Churchill Downs Incorporated Beat Analyst Estimates: See What The Consensus Is Forecasting For Next Year
It's been a mediocre week for Churchill Downs Incorporated (NASDAQ:CHDN) shareholders, with the stock dropping 15% to US$139 in the week since its latest annual results. Churchill Downs reported US$1.3b in revenue, roughly in line with analyst forecasts, although statutory earnings per share (EPS) of US$3.38 beat expectations, being 7.7% higher than what analysts expected. Following the result, analysts have updated their earnings model, and it would be good to know whether they think there's been a strong change in the company's prospects, or if it's business as usual. So we collected the latest post-earnings statutory consensus estimates to see what could be in store for next year.
See our latest analysis for Churchill Downs
After the latest results, the three analysts covering Churchill Downs are now predicting revenues of US$1.42b in 2020. If met, this would reflect a satisfactory 6.8% improvement in sales compared to the last 12 months. Statutory per-share earnings are expected to be US$3.49, roughly flat on the last 12 months. Before this earnings report, analysts had been forecasting revenues of US$1.38b and earnings per share (EPS) of US$3.86 in 2020. Overall it looks as though analysts were a bit mixed on the latest results. Although there was a a satisfactory to revenue, the consensus also made a minor downgrade to to its earnings per share forecasts.

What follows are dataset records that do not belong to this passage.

(* Let $c,\rho>0$ and let $\{(\mathbf z^t,\mathbf w^t,\boldsymbol\lambda^t)\}_{t\ge0}$ be generated by Algorithm SP-ADMM-JCNL. Then for all $t\ge1$, $$\mathcal L(\mathbf z^{t+1},\mathbf w^{t+1},\boldsymbol\lambda^{t+1})-\mathcal L(\mathbf z^t,\mathbf w^t,\boldsymbol\lambda^t)\le\sum_{i\in\mathcal N}\Big[-\tfrac c2\|\Delta\mathbf z_i^{t+1}\|^2_{\mathbf S_i}-\tfrac\rho2\|\Delta\mathbf w_i^{t+1}\|^2+\tfrac{3(N_{\max}+2)}{c}\|\mathbf H_i\Delta\tilde{\mathbf z}_i^{t+1}-\mathbf D_i\Delta\mathbf w_i^t\|^2+3c(2N_{\max}+1)\|\Delta\tilde{\mathbf z}_i^{t+1}-\Delta\mathbf z_i^{t+1}\|^2_{\mathbf A_i^T\mathbf A_i}+3(1+2c)(2+N_{\max})\|\Delta\tilde{\mathbf z}_i^{t+1}-\Delta\mathbf z_i^{t}\|^2_{\mathbf S_i}\Big],$$ where $N_{\max}=\max_{i}N_i$.
   Context: $G=(\mathcal N,\mathcal E)$ is a connected undirected graph on $\mathcal N=\{1,\dots,N\}$, $\mathcal N_i=\{j:(i,j)\in\mathcal E\}$, $N_i=|\mathcal N_i|\ge1$ (neighbors listed in a fixed order). $\mathcal A\subseteq\mathcal N$ is a nonempty set of anchors with known positions $\mathbf a_k\in\mathbb R^n$. Measurements $d_{i,j}=d_{j,i}\ge0$ ($j\in\mathcal N_i$) and $r_i\ge0$. $\mathcal B^{k}$ is the product of $k$ closed Euclidean unit balls of $\mathbb R^n$; $\delta_C$ is the indicator function of $C$. Variables: $\mathbf z_i=(\mathbf x_i,\mathbf p_i^-,\mathbf p_i^+,\mathbf y_i,\mathbf q_i^-,\mathbf q_i^+)\in\mathbb R^{(4N_i+2)n}$ with $\mathbf p_i^\pm=(\mathbf p^\pm_{i,j})_{j\in\mathcal N_i}$, $\mathbf q_i^\pm=(\mathbf q^\pm_{i,j})_{j\in\mathcal N_i}$ (blocks in $\mathbb R^n$), $\mathbf z=(\mathbf z_i)_i$; $\mathbf w_i=((\mathbf v_{i,j})_{j\in\mathcal N_i},\mathbf u_i)\in\mathbb R^{(N_i+1)n}$, $\mathbf w=(\mathbf w_i)_i$; $\boldsymbol\lambda_i\in\mathbb R^{3N_in}$. Linear maps (identified with their matrices): $\mathbf H_i\mathbf z_i=((\mathbf x_i-\mathbf p^+_{i,j})_{j},\mathbf x_i-\mathbf y_i)$, $\mathbf A_i\mathbf z_i=((\mathbf x_i-\mathbf p^-_{i,j})_j,(\mathbf y_i-\mathbf q^-_{i,j})_j,(\mathbf y_i-\mathbf q^+_{i,j})_j)$, $\mathbf D_i=\mathrm{Diag}((d_{i,j})_{j\in\mathcal N_i},r_i)\otimes\mathbf I_n$. $G_i(\mathbf z_i,\mathbf w_i)=\frac12\|\mathbf H_i\mathbf z_i\|^2-\mathbf w_i^T\mathbf D_i\mathbf H_i\mathbf z_i$. $\mathcal X=\{\mathbf z:\mathbf x_i=\mathbf a_i\ \forall i\in\mathcal A\}$, $\mathcal Y=\{\mathbf z:\mathbf p^+_{i,j}=\mathbf p^-_{j,i},\ \mathbf q^+_{i,j}=\mathbf q^-_{j,i}\ \forall i,\ j\in\mathcal N_i\}$. $|\mathbf M|$ is the entrywise absolute value, $\|\mathbf v\|^2_{\mathbf M}=\mathbf v^T\mathbf M\mathbf v$, $\mathbf S_i=|\mathbf A_i^T\mathbf A_i|+\frac1c|\mathbf H_i^T\mathbf H_i|$, $\mathbf U_i=\mathbf H_i^T\mathbf H_i+c\mathbf A_i^T\mathbf A_i+c\mathbf S_i$ (a positive definite diagonal matrix). Augmented Lagrangian: $\mathcal L_i(\mathbf z_i,\mathbf w_i,\boldsymbol\lambda_i)=G_i(\mathbf z_i,\mathbf w_i)+\delta_{\mathcal B^{N_i+1}}(\mathbf w_i)+\langle\boldsymbol\lambda_i,\mathbf A_i\mathbf z_i\rangle+\frac c2\|\mathbf A_i\mathbf z_i\|^2$, $\mathcal L=\sum_i\mathcal L_i$. Algorithm SP-ADMM-JCNL (parameters $c,\rho>0$; arbitrary $\mathbf z^0,\mathbf w^0$, $\boldsymbol\lambda^0=\mathbf 0$): for $t\ge0$, $\mathbf z^{t+1}=\arg\min_{\mathbf z\in\mathcal X\cap\mathcal Y}\sum_i[\mathcal L_i(\mathbf z_i,\mathbf w_i^t,\boldsymbol\lambda_i^t)+\frac c2\|\mathbf z_i-\mathbf z_i^t\|^2_{\mathbf S_i}]$; $\mathbf w^{t+1}=\arg\min_{\mathbf w}\sum_i[\mathcal L_i(\mathbf z_i^{t+1},\mathbf w_i,\boldsymbol\lambda_i^t)+\frac\rho2\|\mathbf w_i-\mathbf w_i^t\|^2]$, i.e. $\mathbf w_i^{t+1}=\mathrm{proj}_{\mathcal B^{N_i+1}}(\mathbf w_i^t+\rho^{-1}\mathbf D_i\mathbf H_i\mathbf z_i^{t+1})$; $\boldsymbol\lambda_i^{t+1}=\boldsymbol\lambda_i^t+c\mathbf A_i\mathbf z_i^{t+1}$. Auxiliary sequence: $\tilde{\mathbf z}_i^{t+1}=\mathbf U_i^{-1}(\mathbf H_i^T\mathbf D_i\mathbf w_i^t-\mathbf A_i^T\boldsymbol\lambda_i^t+c\mathbf S_i\mathbf z_i^t)$ for $t\ge0$. Increments: $\Delta\mathbf z_i^t=\mathbf z_i^t-\mathbf z_i^{t-1}$, $\Delta\mathbf w_i^t=\mathbf w_i^t-\mathbf w_i^{t-1}$, $\Delta\tilde{\mathbf z}_i^t=\tilde{\mathbf z}_i^t-\tilde{\mathbf z}_i^{t-1}$, $\Delta\boldsymbol\lambda_i^t=\boldsymbol\lambda_i^t-\boldsymbol\lambda_i^{t-1}$. *)

theory Defs
  imports "HOL-Analysis.Analysis"
begin

text \<open>Nodes are 1..N (natural numbers). Blocks of the per-node variables are indexed
by the datatypes below; the index j of a block refers to the neighbour j.
Every linear map of the paper is of the form K \<otimes> I_n with a scalar block matrix K;
we store K as a function of two block indices.\<close>

datatype blk = BX | BPm nat | BPp nat | BY | BQm nat | BQp nat
  \<comment> \<open>blocks of z_i: x_i, p^-_{i,j}, p^+_{i,j}, y_i, q^-_{i,j}, q^+_{i,j}\<close>
datatype hblk = HP nat | HR
  \<comment> \<open>blocks of H_i z_i and of w_i: (v_{i,j})_j and u_i\<close>
datatype ablk = A1 nat | A2 nat | A3 nat
  \<comment> \<open>blocks of A_i z_i and of lambda_i\<close>

definition nbrs :: "(nat \<times> nat) set \<Rightarrow> nat \<Rightarrow> nat set" where
  "nbrs E i = {j. (i, j) \<in> E}"

definition zblks :: "(nat \<times> nat) set \<Rightarrow> nat \<Rightarrow> blk set" where
  "zblks E i = {BX, BY} \<union> BPm ` nbrs E i \<union> BPp ` nbrs E i \<union> BQm ` nbrs E i \<union> BQp ` nbrs E i"
(* Let $f:\mathbb{R}^n\to\mathbb{R}$ be a continuously differentiable convex function, and $s$ a positive integer. Let $h(x)=\sum_{i=1}^n h_i(x_i)$ with each $h_i:\mathbb{R}\to\mathbb{R}$ convex and continuously differentiable, with $h$ supercoercive ($\lim_{\|x\|\to\infty}h(x)/\|x\|=\infty$), and assume: (i) if $x_k\to x$ then $D_h(x,x_k)\to0$; (ii) if $D_h(x,x_k)\to0$ for some $x$, then $x_k\to x$; (iii) if $D_h(x_{k+1},x_k)\to0$ then $\|x_{k+1}-x_k\|\to0$. Assume $L_hh-f$ is convex for some $L_h>0$ and $L>L_h$. Let $(x_k)$ be generated by the BPG algorithm with $h$ and $L$, and assume $(x_k)$ is bounded. Then $f(x_k)$ converges to a limit $f^*$ and there exist $K\in\mathbb{N}$ and $c>0$ such that $f(x_k)-f^*\le c/k$ for all $k\ge K$.
   Context: $C_s=\{x\in\mathbb{R}^n:\|x\|_0\le s\}$ where $\|x\|_0$ is the number of nonzero entries. $D_h(y,x)=h(y)-h(x)-\nabla h(x)^T(y-x)$. BPG algorithm: start from $x_0\in C_s$ and for $k\ge0$ pick $x_{k+1}\in\operatorname{argmin}_{x\in C_s}\ \nabla f(x_k)^T(x-x_k)+LD_h(x,x_k)$. *)

theory Defs
  imports "HOL-Analysis.Analysis"
begin

definition sparse_set :: "nat \<Rightarrow> (real^'n) set" where
  "sparse_set s = {x. card {i. x $ i \<noteq> 0} \<le> s}"

definition bregman :: "(real^'n \<Rightarrow> real) \<Rightarrow> (real^'n \<Rightarrow> real^'n) \<Rightarrow> real^'n \<Rightarrow> real^'n \<Rightarrow> real" where
  "bregman h gh y x = h y - h x - inner (gh x) (y - x)"

definition sep_fun :: "('n::finite \<Rightarrow> real \<Rightarrow> real) \<Rightarrow> real^'n \<Rightarrow> real" where
  "sep_fun hi x = (\<Sum>i\<in>UNIV. hi i (x $ i))"

definition sep_grad :: "('n::finite \<Rightarrow> real \<Rightarrow> real) \<Rightarrow> real^'n \<Rightarrow> real^'n" where
  "sep_grad dhi x = (\<chi> i. dhi i (x $ i))"

definition bpg_seq :: "(real^'n \<Rightarrow> real^'n) \<Rightarrow> (real^'n \<Rightarrow> real) \<Rightarrow> (real^'n \<Rightarrow> real^'n)
     \<Rightarrow> real \<Rightarrow> nat \<Rightarrow> (nat \<Rightarrow> real^'n) \<Rightarrow> bool" where
  "bpg_seq gf h gh L s x \<longleftrightarrow> x 0 \<in> sparse_set s \<and>
     (\<forall>k. x (Suc k) \<in> sparse_set s \<and>
        (\<forall>y\<in>sparse_set s.
           inner (gf (x k)) (x (Suc k) - x k) + L * bregman h gh (x (Suc k)) (x k)
           \<le> inner (gf (x k)) (y - x k) + L * bregman h gh y (x k)))"

end

theory Submission
  imports Defs
begin

(* Relative smoothness (convexity of Lh h - f) together with the optimality of x(k+1) against the
   feasible candidate x k gives sufficient decrease f(x(k+1)) <= f(x k) - (L - Lh) D_h(x(k+1), x k).
   Hence f(x k) decreases to some fstar, D_h(x(k+1), x k) -> 0, and by (iii) the steps vanish.
   Let z be a cluster point, so f z = fstar. As h is separable, the subproblem is a coordinatewise
   minimisation on the support of x(k+1), so x(k+1) is stationary in each of those coordinates.
   Whenever supp z is contained in supp x(k+1), the three-point identity and convexity of f then give
     f(x(k+1)) - f z <= L (D_h(z, x k) - D_h(z, x(k+1))).
   By (ii), once D_h(z, x k) is small, x k is close to z, hence so is x(k+1) (small steps), and its
   support contains supp z; the inequality then makes D_h(z, x(k+1)) smaller still, so from some K0
   on (found along the subsequence, using (i)) the iterates stay trapped. Telescoping, with f(x k)
   decreasing, bounds (k - K0) (f(x k) - fstar) by L D_h(z, x K0). *)

definition vec_support :: "real^'n \<Rightarrow> 'n set" where
  "vec_support x = {i. x $ i \<noteq> 0}"

lemma sparse_set_iff_card_support: "x \<in> sparse_set s \<longleftrightarrow> card (vec_support x) \<le> s"
  by (simp add: sparse_set_def vec_support_def)

lemma convex_on_above_tangent:
  fixes F :: "'a::real_normed_vector \<Rightarrow> real"
  assumes cv: "convex_on UNIV F" and der: "(F has_derivative F') (at x)"
  shows "F x + F' (y - x) \<le> F y"
proof -
  define \<psi> where "\<psi> t = F (x + t *\<^sub>R (y - x))" for t
  have "convex_on UNIV \<psi>"
  proof (rule convex_onI)
    fix u a b :: real assume "0 < u" "u < 1"
    have "x + ((1 - u) *\<^sub>R a + u *\<^sub>R b) *\<^sub>R (y - x)
        = (1 - u) *\<^sub>R (x + a *\<^sub>R (y - x)) + u *\<^sub>R (x + b *\<^sub>R (y - x))"
      by (simp add: algebra_simps)
    then show "\<psi> ((1 - u) *\<^sub>R a + u *\<^sub>R b) \<le> (1 - u) * \<psi> a + u * \<psi> b"
      unfolding \<psi>_def using convex_onD[OF cv, of u] \<open>0 < u\<close> \<open>u < 1\<close> by auto
  qed auto
  moreover have "(\<psi> has_real_derivative F' (y - x)) (at 0)"
  proof -
    have "((\<lambda>t. x + t *\<^sub>R (y - x)) has_derivative (\<lambda>t. t *\<^sub>R (y - x))) (at 0)"
      by (auto intro!: derivative_eq_intros)
    from has_derivative_compose[OF this, of F F'] der
    have "(\<psi> has_derivative (\<lambda>t. F' (t *\<^sub>R (y - x)))) (at 0)"
      unfolding \<psi>_def by (simp add: o_def)
    moreover have "(\<lambda>t. F' (t *\<^sub>R (y - x))) = (\<lambda>t. F' (y - x) * t)"
      using has_derivative_linear[OF der] by (simp add: linear_scale mult.commute)
    ultimately show ?thesis by (simp add: has_field_derivative_def)
  qed
  ultimately have "F' (y - x) \<le> \<psi> 1 - \<psi> 0"
    using convex_on_imp_above_tangent[of UNIV \<psi> 0 1] by auto
  then show ?thesis unfolding \<psi>_def by simp
qed

lemma bregman_three_point:
  "bregman h gh z x - bregman h gh z y - bregman h gh y x = inner (gh y - gh x) (z - y)"
  by (simp add: bregman_def inner_diff_left inner_diff_right)

lemma bregman_sep_fun:
  "bregman (sep_fun hi) (sep_grad dhi) y z =
     (\<Sum>i\<in>UNIV. hi i (y $ i) - hi i (z $ i) - dhi i (z $ i) * (y $ i - z $ i))"
  by (simp add: bregman_def sep_fun_def sep_grad_def inner_vec_def sum_subtractf)

lemma bregman_sep_fun_nonneg:
  assumes "\<And>i t. (hi i has_real_derivative dhi i t) (at t)" and "\<And>i. convex_on UNIV (hi i)"
  shows "0 \<le> bregman (sep_fun hi) (sep_grad dhi) y z"
  unfolding bregman_sep_fun
proof (rule sum_nonneg)
  fix i
  show "0 \<le> hi i (y $ i) - hi i (z $ i) - dhi i (z $ i) * (y $ i - z $ i)"
    using convex_on_imp_above_tangent[of UNIV "hi i" "z $ i" "y $ i"] assms by auto
qed

lemma has_derivative_sep_fun:
  assumes "\<And>i t. (hi i has_real_derivative dhi i t) (at t)"
  shows "(sep_fun hi has_derivative (\<lambda>v. inner (sep_grad dhi z) v)) (at z)"
proof -
  have "((\<lambda>y. \<Sum>i\<in>UNIV. hi i (y $ i)) has_derivative (\<lambda>v. \<Sum>i\<in>UNIV. dhi i (z $ i) * v $ i)) (at z)"
  proof (rule has_derivative_sum)
    fix i
    have "((\<lambda>y. y $ i) has_derivative (\<lambda>v. v $ i)) (at z)"
      using bounded_linear_imp_has_derivative[OF bounded_linear_vec_nth] .
    from has_derivative_compose[OF this assms[of i "z $ i", unfolded has_field_derivative_def]]
    show "((\<lambda>y. hi i (y $ i)) has_derivative (\<lambda>v. dhi i (z $ i) * v $ i)) (at z)"
      by (simp add: o_def mult.commute)
  qed
  then show ?thesis by (simp add: sep_fun_def[abs_def] sep_grad_def inner_vec_def)
qed

lemma relative_smoothness_descent:
  fixes f h :: "real^'n \<Rightarrow> real"
  assumes f_der: "(f has_derivative (\<lambda>v. inner (gf x) v)) (at x)"
    and h_der: "(h has_derivative (\<lambda>v. inner (gh x) v)) (at x)"
    and cv: "convex_on UNIV (\<lambda>z. Lh * h z - f z)"
  shows "f y \<le> f x + inner (gf x) (y - x) + Lh * bregman h gh y x"
proof -
  have "((\<lambda>z. Lh * h z - f z) has_derivative (\<lambda>v. Lh * inner (gh x) v - inner (gf x) v)) (at x)"
    by (intro has_derivative_diff has_derivative_mult_right h_der f_der)
  from convex_on_above_tangent[OF cv this, of y] show ?thesis
    by (simp add: bregman_def right_diff_distrib)
qed
lemma union_closed_glue_thick: "union_closed (glue ` thick_patterns)"
  unfolding union_closed_def
proof (intro ballI)
  fix X Y assume "X \<in> glue ` thick_patterns" "Y \<in> glue ` thick_patterns"
  then obtain f g i where f: "f \<in> patterns" "X = glue f" and g: "g \<in> patterns" "Y = glue g"
    and i: "i \<in> {1..m}" "f i = B i"
    unfolding thick_patterns_def by auto
  define h where "h = (\<lambda>j\<in>{1..m}. f j \<union> g j)"
  have "h \<in> patterns"
    using f g traces_union pattern_trace unfolding h_def patterns_def by (simp add: PiE_iff)
  moreover have "h i = B i" using i pattern_subset_block[OF g(1) i(1)] unfolding h_def by auto
  moreover have "X \<union> Y = glue h" using f g unfolding h_def glue_def by auto
  ultimately show "X \<union> Y \<in> glue ` thick_patterns" using i unfolding thick_patterns_def by blast
qed

lemma generators_subset_glue_thick: "generators \<subseteq> glue ` thick_patterns"
proof
  fix X assume "X \<in> generators"
  then obtain i j t where i: "i \<in> {1..m}" and j: "j \<in> {1..m}" "t \<in> T j" and X: "X = B i \<union> {t}"
    unfolding generators_def tips_def by auto
  define f where "f = (\<lambda>l\<in>{1..m}. if l = i then B i else if l = j then {t} else {})"
  have "f \<in> patterns" using j unfolding f_def patterns_def traces_def by (auto simp: PiE_iff)
  moreover have "f i = B i" using i by (simp add: f_def)
  moreover have "glue f = X"
    using i j tips_subset_block[OF j(1)] unfolding X glue_def f_def by (auto split: if_splits)
  ultimately show "X \<in> glue ` thick_patterns" using i unfolding thick_patterns_def by blast
qed
lemma pole_op_eigen_norm_growth:
  assumes eig: "\<And>k. pole_op q \<epsilon> u k = pole_op_diag q \<epsilon> p * u k" and "p < j"
  shows "(1/q^j - q^j) * norm (u (j-1)) \<le> norm (u j)"
proof -
  have qp: "0 < q^i" "q^i \<le> 1" for i using q0 q1 by (auto simp: power_le_one)
  have qq: "q^(2*j) = q^j * q^j" "q^(j*2) = q^j * q^j"
    by (simp_all add: power_add[symmetric] mult_2 mult_2_right)
  have "q^j < q^p" using \<open>p < j\<close> q0 q1 by (intro power_strict_decreasing) auto
  then have "q^p / q^j > 1" using qp by simp
  moreover have "q^p / q^j \<le> 1 / q^j" using qp[of p] qp[of j] by (intro divide_right_mono) auto
  ultimately have "\<bar>1 - q^p/q^j\<bar> \<le> 1/q^j" by simp
  moreover have "\<bar>1 - 1/q^(2*j)\<bar> = 1/q^(2*j) - 1"
    using qp[of "2*j"] by (simp add: field_simps)
  moreover have "norm (u j) * \<bar>1 - q^p/q^j\<bar> = \<bar>1 - 1/q^(2*j)\<bar> * norm (u (j-1))"
    using arg_cong[OF pole_op_eigen_recurrence[OF eig, of j], of norm]
    by (simp only: norm_mult norm_of_real)
  ultimately have "(1/q^(2*j) - 1) * norm (u (j-1)) \<le> norm (u j) * (1/q^j)"
    by (metis mult_left_mono norm_ge_zero)
  then have "q^j * ((1/q^(2*j) - 1) * norm (u (j-1))) \<le> q^j * (norm (u j) * (1/q^j))"
    using qp[of j] by (intro mult_left_mono) auto
  also have "q^j * (norm (u j) * (1/q^j)) = norm (u j)" using q0 by simp
  finally have "q^j * ((1/q^(2*j) - 1) * norm (u (j-1))) \<le> norm (u j)" .
  moreover have "q^j * (1/q^(2*j) - 1) = 1/q^j - q^j"
    using qp[of j] by (simp add: qq field_simps)
  ultimately show ?thesis by (simp add: mult.assoc[symmetric])
qed

lemma pole_op_eigen_weighted_growth:
  assumes r: "0 < r" "r^2 = q" and \<sigma>: "0 < \<sigma>"
    and eig: "\<And>k. pole_op q \<epsilon> u k = pole_op_diag q \<epsilon> p * u k" and "p < Suc j"
  shows "(1 - q^(2*Suc j)) / (r*\<sigma>) * (norm (u j) * r^(j^2) / \<sigma>^j)
    \<le> norm (u (Suc j)) * r^((Suc j)^2) / \<sigma>^(Suc j)"
proof -
  have qr: "q^(Suc j) = r^(2*j) * r^2"
    by (simp flip: r(2) add: power_mult[symmetric] power_add[symmetric] mult.commute)
  have q2: "q^(2*Suc j) = q^(Suc j) * q^(Suc j)" by (simp add: power_add[symmetric] mult_2)
  have qrr: "q = r * r" using r(2) by (simp add: power2_eq_square)
  have "(1 - q^(2*Suc j)) / (r*\<sigma>) * (norm (u j) * r^(j^2) / \<sigma>^j)
      = (1/q^(Suc j) - q^(Suc j)) * norm (u j) * r^((Suc j)^2) / \<sigma>^(Suc j)"
    unfolding power_Suc_square q2 qr using r \<sigma> by (simp add: field_simps power2_eq_square qrr)
  also have "\<dots> \<le> norm (u (Suc j)) * r^((Suc j)^2) / \<sigma>^(Suc j)"
    using pole_op_eigen_norm_growth[OF eig \<open>p < Suc j\<close>] r \<sigma>
    by (intro divide_right_mono mult_right_mono) auto
  finally show ?thesis .
qed

lemma pole_op_eigen_eq_0:
  assumes r: "0 < r" "r^2 = q" and \<sigma>: "0 < \<sigma>" "r * \<sigma> < 1" and u: "growth_bound r \<sigma> K u"
    and eig: "\<And>k. pole_op q \<epsilon> u k = pole_op_diag q \<epsilon> p * u k"
  shows "u k = 0"
proof -
  define \<rho> where "\<rho> j = norm (u j) * r^(j^2) / \<sigma>^j" for j
  define \<theta> where "\<theta> = 1/(r*\<sigma>)"
  have \<theta>1: "\<theta> > 1" using \<sigma> r by (simp add: \<theta>_def)
  obtain J where J: "q^J < (\<theta>-1)/(2*\<theta>)"
    using real_arch_pow_inv[of "(\<theta>-1)/(2*\<theta>)" q] \<theta>1 q1 by auto
  have \<rho>_nonneg: "0 \<le> \<rho> j" for j using r \<sigma> by (simp add: \<rho>_def)
  have \<rho>_bounded: "\<rho> j \<le> K" for j
    using u \<sigma> r unfolding growth_bound_def \<rho>_def by (simp add: field_simps)
  have \<rho>_grow: "(1+\<theta>)/2 * \<rho> j \<le> \<rho> (Suc j)" if "max p J \<le> j" for j
  proof -
    have "q^(2*Suc j) \<le> q^J" using that q0 q1 by (intro power_decreasing) auto
    then have "(1 - (\<theta>-1)/(2*\<theta>)) * \<theta> \<le> (1 - q^(2*Suc j)) * \<theta>"
      using J \<theta>1 by (intro mult_right_mono) auto
    moreover have "(1 - (\<theta>-1)/(2*\<theta>)) * \<theta> = (1+\<theta>)/2" using \<theta>1 by (simp add: field_simps)
    ultimately have "(1+\<theta>)/2 \<le> (1 - q^(2*Suc j)) * \<theta>" by simp
    then have "(1+\<theta>)/2 * \<rho> j \<le> (1 - q^(2*Suc j)) * \<theta> * \<rho> j"
      by (rule mult_right_mono) (rule \<rho>_nonneg)
    also have "\<dots> = (1 - q^(2*Suc j)) / (r*\<sigma>) * \<rho> j" by (simp add: \<theta>_def)
    also have "\<dots> \<le> \<rho> (Suc j)"
      unfolding \<rho>_def using that by (intro pole_op_eigen_weighted_growth[OF r \<sigma>(1) eig]) auto
    finally show ?thesis .
  qed
  have "1 < (1+\<theta>)/2" using \<theta>1 by simp
  from bounded_expanding_eq_0[of \<rho> K "(1+\<theta>)/2" "max p J", OF \<rho>_nonneg \<rho>_bounded this \<rho>_grow]
  have top: "u j = 0" if "max p J \<le> j" for j
    using that r \<sigma> by (simp add: \<rho>_def)
  show "u k = 0"
  proof (induction "max p J - k" arbitrary: k)
    case 0 then show ?case using top by simp
  next
    case (Suc d)
    then have "u (Suc k) = 0" by simp
    then show ?case by (rule pole_op_eigen_vanishes_downward[OF eig])
  qed
qed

Curiously, the consensus price target rose 6.0% to US$160. We can only conclude that the forecast revenue growth is expected to offset the impact of the expected fall in earnings. Fixating on a single price target can be unwise though, since the consensus target is effectively the average of analyst price targets. As a result, some investors like to look at the range of estimates to see if there are any diverging opinions on the company's valuation. Currently, the most bullish analyst values Churchill Downs at US$170 per share, while the most bearish prices it at US$141. The narrow spread of estimates could suggest that the business' future is relatively easy to value, or that analysts have a clear view on its prospects.
It can be useful to take a broader overview by seeing how analyst forecasts compare, both to the Churchill Downs's past performance and to peers in the same market. It's clear from the latest estimates that Churchill Downs's rate of growth is expected to accelerate meaningfully, with forecast 6.8% revenue growth noticeably faster than its historical growth of 3.7%p.a. over the past five years. Compare this with other companies in the same market, which are forecast to see a revenue decline of 8.5% next year. So it's clear that despite the acceleration in growth, Churchill Downs is expected to grow meaningfully slower than the market average.
The Bottom Line
The most important thing to take away is that analysts downgraded their earnings per share estimates, showing that there has been a clear decline in sentiment following these results. They also upgraded their revenue estimates for next year, even though sales are expected to grow slower than the wider market. There was also a nice increase in the price target, with analysts feeling that the intrinsic value of the business is improving.
Even so, the longer term trajectory of the business is much more important for the value creation of shareholders. We have estimates - from multiple Churchill Downs analysts - going out to 2021, and you can see them free on our platform here.